1958 yearbook photo and writeup. (Courtesy of Jack Backiel)
Back to now. I am not a big fan of “fan expos,” with their stable of “celebrities,” and all manner of costumes, merchandise and true believers in full array.
But I saw that Christopher Lloyd would be at the Denver Convention Center, not far from my home.
The ticket was mostly affordable attendance, with a stunning cost for the live autograph session.
As Doc Brown would say, “well, what the hell.”
The room is about 1 1/2 football fields. It held over 200 exhibitors. There were 40 signing tables for autographs of stars.
I got there at 3 p.m. for a 4 p.m. signing time. Thirty serious fans were already in line — including a full-dress Doc Brown (white coat, white wig, carrying an RC car controller with antenna).
They were selling posters, model DeLoreans (at about the price of a real one), key chains, etc.
Chris showed up at 4:20, and started signing.
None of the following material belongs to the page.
(* Let $n\ge 4$ and $2\le t\le n-2$, and suppose that the covariance matrix $\Sigma(t)=\mathsf{var}(\vec a(t))$ is invertible and that $\mathsf{var}(W_1(t))\ne \mathsf{cov}(W_1(t),W_2(t))$ and $\mathsf{var}(D_1(t))\ne\mathsf{cov}(D_1(t),D_2(t))$. Define \[ c_1(t)=\frac{\mathsf{var}(W_2(t))-\mathsf{cov}(W_1(t),W_2(t))}{\mathsf{var}(W_1(t))-\mathsf{cov}(W_1(t),W_2(t))},\qquad c_2(t)=\frac{\mathsf{var}(D_2(t))-\mathsf{cov}(D_1(t),D_2(t))}{\mathsf{var}(D_1(t))-\mathsf{cov}(D_1(t),D_2(t))}, \] and \[ W_{\mathrm{Diff}}(t)=W_1(t)-W_2(t),\quad D_{\mathrm{Diff}}(t)=D_1(t)-D_2(t),\quad W_{\mathrm{Sum}}(t)=c_1(t)W_1(t)+W_2(t),\quad D_{\mathrm{Sum}}(t)=c_2(t)D_1(t)+D_2(t). \] Then these four quantities have positive variance, their standardized versions $Z_{W_{\mathrm{Diff}}}(t),Z_{D_{\mathrm{Diff}}}(t),Z_{W_{\mathrm{Sum}}}(t),Z_{D_{\mathrm{Sum}}}(t)$ are pairwise uncorrelated under the permutation null, and \[ S(t)=Z_{W_{\mathrm{Diff}}}(t)^2+Z_{D_{\mathrm{Diff}}}(t)^2+Z_{W_{\mathrm{Sum}}}(t)^2+Z_{D_{\mathrm{Sum}}}(t)^2 . \]
   Context: Let $G_1,\dots,G_n$ be a sequence of observations (networks) and let $K_1,K_2$ be two real symmetric $n\times n$ kernel matrices computed from this sequence, with $(i,j)$ entry $k_{xij}$ of $K_x$, $x\in\{1,2\}$. The permutation null distribution assigns probability $1/n!$ to each of the $n!$ permutations of the sequence, i.e. the kernel matrices $K_x$ are replaced by $(k_{x\pi(i)\pi(j)})_{i,j}$ for a uniformly random permutation $\pi$ of $\{1,\dots,n\}$ (the same $\pi$ for both kernels); $\mathsf{E},\mathsf{var},\mathsf{cov}$ denote expectation, variance and covariance under this distribution. For a quantity $T$, its standardized version is $Z_T=(T-\mathsf{E}T)/\sqrt{\mathsf{var}(T)}$. For $x\in\{1,2\}$ define \[ \alpha_x(t)=\frac{1}{t(t-1)}\sum_{i=1}^n\sum_{j\ne i}k_{xij}\mathbb{1}\{i,j\le t\},\qquad \beta_x(t)=\frac{1}{(n-t)(n-t-1)}\sum_{i=1}^n\sum_{j\ne i}k_{xij}\mathbb{1}\{i,j> t\}, \] \[ W_x(t)=\frac{t}{n}\alpha_x(t)+\frac{n-t}{n}\beta_x(t),\qquad D_x(t)=\frac{t(t-1)}{n(n-1)}\alpha_x(t)-\frac{(n-t)(n-t-1)}{n(n-1)}\beta_x(t). \] Let $\vec a(t)=[\alpha_1(t),\beta_1(t),\alpha_2(t),\beta_2(t)]^{\mathsf T}$, $\Sigma(t)=\mathsf{var}(\vec a(t))$ (the $4\times4$ covariance matrix under the permutation null), and \[ S(t)=[\vec a(t)-\mathsf{E}\vec a(t)]^{\mathsf T}\Sigma(t)^{-1}[\vec a(t)-\mathsf{E}\vec a(t)]. \] *)

theory Defs
  imports "HOL-Analysis.Analysis" "HOL-Combinatorics.Permutations"
begin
He took a break just as I got to the front.
I was up first when he came back. I introduced myself as a 1967 Staples Player from Westport. I told him that Craig Matheson, who he might remember, spoke of him as being there at the beginning.
I said Craig has told us some stories about him. He smiled said, “let’s not get into that.”
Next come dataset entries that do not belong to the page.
lemma entropy_ge_orthogonal_ensemble:
  assumes e: "ensemble_decomp N L psi M"
    and orth: "\<And>l l'. l \<in> L \<Longrightarrow> l' \<in> L \<Longrightarrow> l \<noteq> l' \<Longrightarrow> vinner N (psi l) (psi l') = 0"
  shows "(\<Sum>l\<in>L. eta (vsqnorm N (psi l))) \<le> entropy M"
proof -
  have "bij_betw (\<lambda>(i,r). (\<lambda>_ r. r) i r) ({0::nat} \<times> {..<N}) {..<N}"
    by (auto simp: bij_betw_def inj_on_def)
  moreover have "M \<in> carrier_mat N N" using e unfolding ensemble_decomp_def by simp
  ultimately show ?thesis using entropy_partial_trace_ge[OF e orth, of "\<lambda>_ r. r" "{0::nat}"] by simp
qed

lemma mat_adjoint_entry:
  "A \<in> carrier_mat n n \<Longrightarrow> i < n \<Longrightarrow> j < n \<Longrightarrow> mat_adjoint A $$ (i,j) = cnj (A $$ (j,i))"
  unfolding mat_adjoint_def by (simp add: mat_of_rows_def)

lemma density_hermitian: "density n A \<Longrightarrow> hermitian_on n (\<lambda>r s. A $$ (r,s))"
  unfolding density_def hermitian_on_def by (metis mat_adjoint_entry)

lemma spectral_decomp_eigenvector:
  assumes d: "spectral_decomp N M u lam" and k: "k < N" and r: "r < N"
  shows "(\<Sum>s<N. M r s * u k s) = of_real (lam k) * u k r"
proof -
  have o: "onb N u" using d unfolding spectral_decomp_def by simp
  have "(\<Sum>s<N. M r s * u k s) = (\<Sum>s<N. \<Sum>j<N. of_real (lam j) * u j r * (u k s * cnj (u j s)))"
    using d r unfolding spectral_decomp_def
    by (intro sum.cong refl) (simp add: sum_distrib_left sum_distrib_right mult_ac)
  also have "\<dots> = (\<Sum>j<N. of_real (lam j) * u j r * vinner N (u k) (u j))"
    unfolding inner_on_def sum_distrib_left by (rule sum.swap)
  also have "\<dots> = (\<Sum>j<N. if j = k then of_real (lam k) * u k r else 0)"
    using o k unfolding orthonormal_on_def by (intro sum.cong refl) auto
  finally show ?thesis using k by simp
qed

lemma density_eigenvalue_nonneg:
  assumes dS: "density N S" and d: "spectral_decomp N (\<lambda>r s. S $$ (r,s)) u lam" and k: "k < N"
  shows "lam k \<ge> 0"
proof -
  have S: "S \<in> carrier_mat N N" using dS unfolding density_def by simp
  define v where "v = vec N (u k)"
  have v: "v \<in> carrier_vec N" unfolding v_def by simp
  have "(S *\<^sub>v v) \<bullet>c v = (\<Sum>r<N. (\<Sum>s<N. S $$ (r,s) * u k s) * cnj (u k r))"
    using S unfolding v_def by (simp add: scalar_prod_def atLeast0LessThan)
  also have "\<dots> = of_real (lam k) * vinner N (u k) (u k)"
    using spectral_decomp_eigenvector[OF d k] unfolding inner_on_def sum_distrib_left
    by (intro sum.cong refl) (simp add: mult.assoc)
  also have "\<dots> = of_real (lam k)" using d k unfolding spectral_decomp_def orthonormal_on_def by simp
  finally show ?thesis using dS v unfolding density_def by (metis Re_complex_of_real)
qed

lemma density_eigenvalue_sum:
  assumes dS: "density N S" and d: "spectral_decomp N (\<lambda>r s. S $$ (r,s)) u lam"
  shows "(\<Sum>k<N. lam k) = 1"
proof -
  have o: "onb N u" and S: "S \<in> carrier_mat N N"
    using d dS unfolding spectral_decomp_def density_def by auto
  have "mtrace S = (\<Sum>r<N. \<Sum>k<N. of_real (lam k) * (u k r * cnj (u k r)))"
    unfolding mtrace_def using S d unfolding spectral_decomp_def by (intro sum.cong) (auto simp: mult.assoc)
  also have "\<dots> = (\<Sum>k<N. of_real (lam k) * vinner N (u k) (u k))"
    unfolding inner_on_def sum_distrib_left by (rule sum.swap)
  also have "\<dots> = (\<Sum>k<N. of_real (lam k))" using o unfolding orthonormal_on_def by simp
  finally have "complex_of_real (\<Sum>k<N. lam k) = 1" using dS unfolding density_def by simp
  thus ?thesis by (simp only: of_real_eq_1_iff)
qed

lemma density_orthogonal_ensemble:
  assumes dS: "density N S"
  shows "\<exists>psi. ensemble_decomp N {..<N} psi S \<and>
     (\<forall>l<N. \<forall>l'<N. l \<noteq> l' \<longrightarrow> vinner N (psi l) (psi l') = 0) \<and> (\<Sum>l<N. vsqnorm N (psi l)) = 1"
proof -
  obtain u lam where d: "spectral_decomp N (\<lambda>r s. S $$ (r,s)) u lam"
    using hermitian_spectral_decomp[OF density_hermitian[OF dS]] by blast
  have o: "onb N u" using d unfolding spectral_decomp_def by simp
  have lam0: "\<And>k. k < N \<Longrightarrow> lam k \<ge> 0" by (rule density_eigenvalue_nonneg[OF dS d])
  define psi where "psi k r = of_real (sqrt (lam k)) * u k r" for k r
  have ipp: "vinner N (psi l) (psi l') = of_real (sqrt (lam l) * sqrt (lam l')) * vinner N (u l) (u l')" for l l'
    unfolding inner_on_def psi_def sum_distrib_left by (intro sum.cong refl) (simp add: mult_ac)
  have "ensemble_decomp N {..<N} psi S" unfolding ensemble_decomp_def
  proof (intro conjI allI impI)
    fix r s assume "r < N" "s < N"
    moreover have "of_real (lam k) = of_real (sqrt (lam k)) * (of_real (sqrt (lam k)) :: complex)" if "k < N" for k
      using lam0[OF that] by (simp flip: of_real_mult)
    ultimately show "S $$ (r,s) = (\<Sum>l\<in>{..<N}. psi l r * cnj (psi l s))"
      using d unfolding spectral_decomp_def psi_def by (auto simp: mult_ac intro: sum.cong)
  qed (use dS in \<open>auto simp: density_def\<close>)
  moreover have "vsqnorm N (psi l) = lam l" if "l < N" for l
  proof -
    have "complex_of_real (vsqnorm N (psi l)) = of_real (lam l)"
      unfolding of_real_sqnorm_on ipp using o that lam0[OF that] unfolding orthonormal_on_def by simp
    thus ?thesis by (simp only: of_real_eq_iff)
  qed
  moreover have "\<forall>l<N. \<forall>l'<N. l \<noteq> l' \<longrightarrow> vinner N (psi l) (psi l') = 0"
    using o unfolding ipp orthonormal_on_def by simp
  ultimately show ?thesis using density_eigenvalue_sum[OF dS d] by auto
qed

section \<open>The tripartite index layout\<close>

lemma index_pair_less: "x < m \<Longrightarrow> y < n \<Longrightarrow> x * n + y < m * (n::nat)"
proof -
  assume "x < m" "y < n"
  hence "x * n + y < Suc x * n" by simp
  also have "\<dots> \<le> m * n" using \<open>x < m\<close> by (intro mult_le_mono1) simp
  finally show ?thesis .
qed

lemma bij_betw_index_pair: "bij_betw (\<lambda>(x,y). x * n + y) ({..<m} \<times> {..<n}) {..<m * (n::nat)}"
proof (rule bij_betw_byWitness[where f'="\<lambda>t. (t div n, t mod n)"])
  show "(\<lambda>t. (t div n, t mod n)) ` {..<m * n} \<subseteq> {..<m} \<times> {..<n}"
    by (auto simp: less_mult_imp_div_less intro!: mod_less_divisor gr0I)
qed (auto simp: index_pair_less)

lemma bij_betw_idx3: "bij_betw (\<lambda>((i,j),k). idx3 b c i j k) (({..<a} \<times> {..<b}) \<times> {..<c}) {..<a*b*c}"
proof -
  have "bij_betw (map_prod (\<lambda>(x,y). x * b + y) id) (({..<a} \<times> {..<b}) \<times> {..<c}) ({..<a*b} \<times> {..<c})"
    by (intro bij_betw_map_prod bij_betw_index_pair bij_betw_id)
  from bij_betw_trans[OF this bij_betw_index_pair] show ?thesis by (rule bij_betw_cong[THEN iffD1, rotated]) (auto simp: idx3_def)
qed

lemma bij_betw_idx3_BC: "bij_betw (\<lambda>(i,r). idx3 b c i (r div c) (r mod c)) ({..<a} \<times> {..<b*c}) {..<a*b*c}"
proof -
  have "idx3 b c i (r div c) (r mod c) = i * (b*c) + r" for i r
    unfolding idx3_def by (simp add: algebra_simps)
  thus ?thesis using bij_betw_index_pair[of "b*c" a] by (simp add: mult.assoc)
qed

lemma bij_betw_idx3_AC: "bij_betw (\<lambda>(j,r). idx3 b c (r div c) j (r mod c)) ({..<b} \<times> {..<a*c}) {..<a*b*c}"
proof -
  have "bij_betw (\<lambda>(j,r). ((r div c, j), r mod c)) ({..<b} \<times> {..<a*c}) (({..<a} \<times> {..<b}) \<times> {..<c})"
  proof (rule bij_betw_byWitness[where f'="\<lambda>((i,j),k). (j, i * c + k)"])
    show "(\<lambda>(j,r). ((r div c, j), r mod c)) ` ({..<b} \<times> {..<a*c}) \<subseteq> ({..<a} \<times> {..<b}) \<times> {..<c}"
      by (auto simp: less_mult_imp_div_less intro!: mod_less_divisor gr0I)
  qed (auto simp: index_pair_less)
  from bij_betw_trans[OF this bij_betw_idx3] show ?thesis by (simp add: comp_def case_prod_unfold)
qed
I explained it was apparent he was the very first Players alumnus. I wanted his autograph to put in the Players archives, so folks could see it and celebrate his history.
I told him Craig was very proud of his trifecta resume of cinema, television and live theater.
He was very pleased, and signed the sheet I brought. I told him it was only 6 decades, but if he would accept, I would like to finally give him his own Players t-shirt.
I had my 50th anniversary t-shirt that I had only worn once, newly washed and ironed. He was very moved.
I handed it to him, and asked if I could get a photo. He smiled, held it up and thanked me.
I thanked him for a lifetime of enjoyment of his work. He reached out and shook my hand.
It was an honor to meet and talk with him. He is a charming man — and still working.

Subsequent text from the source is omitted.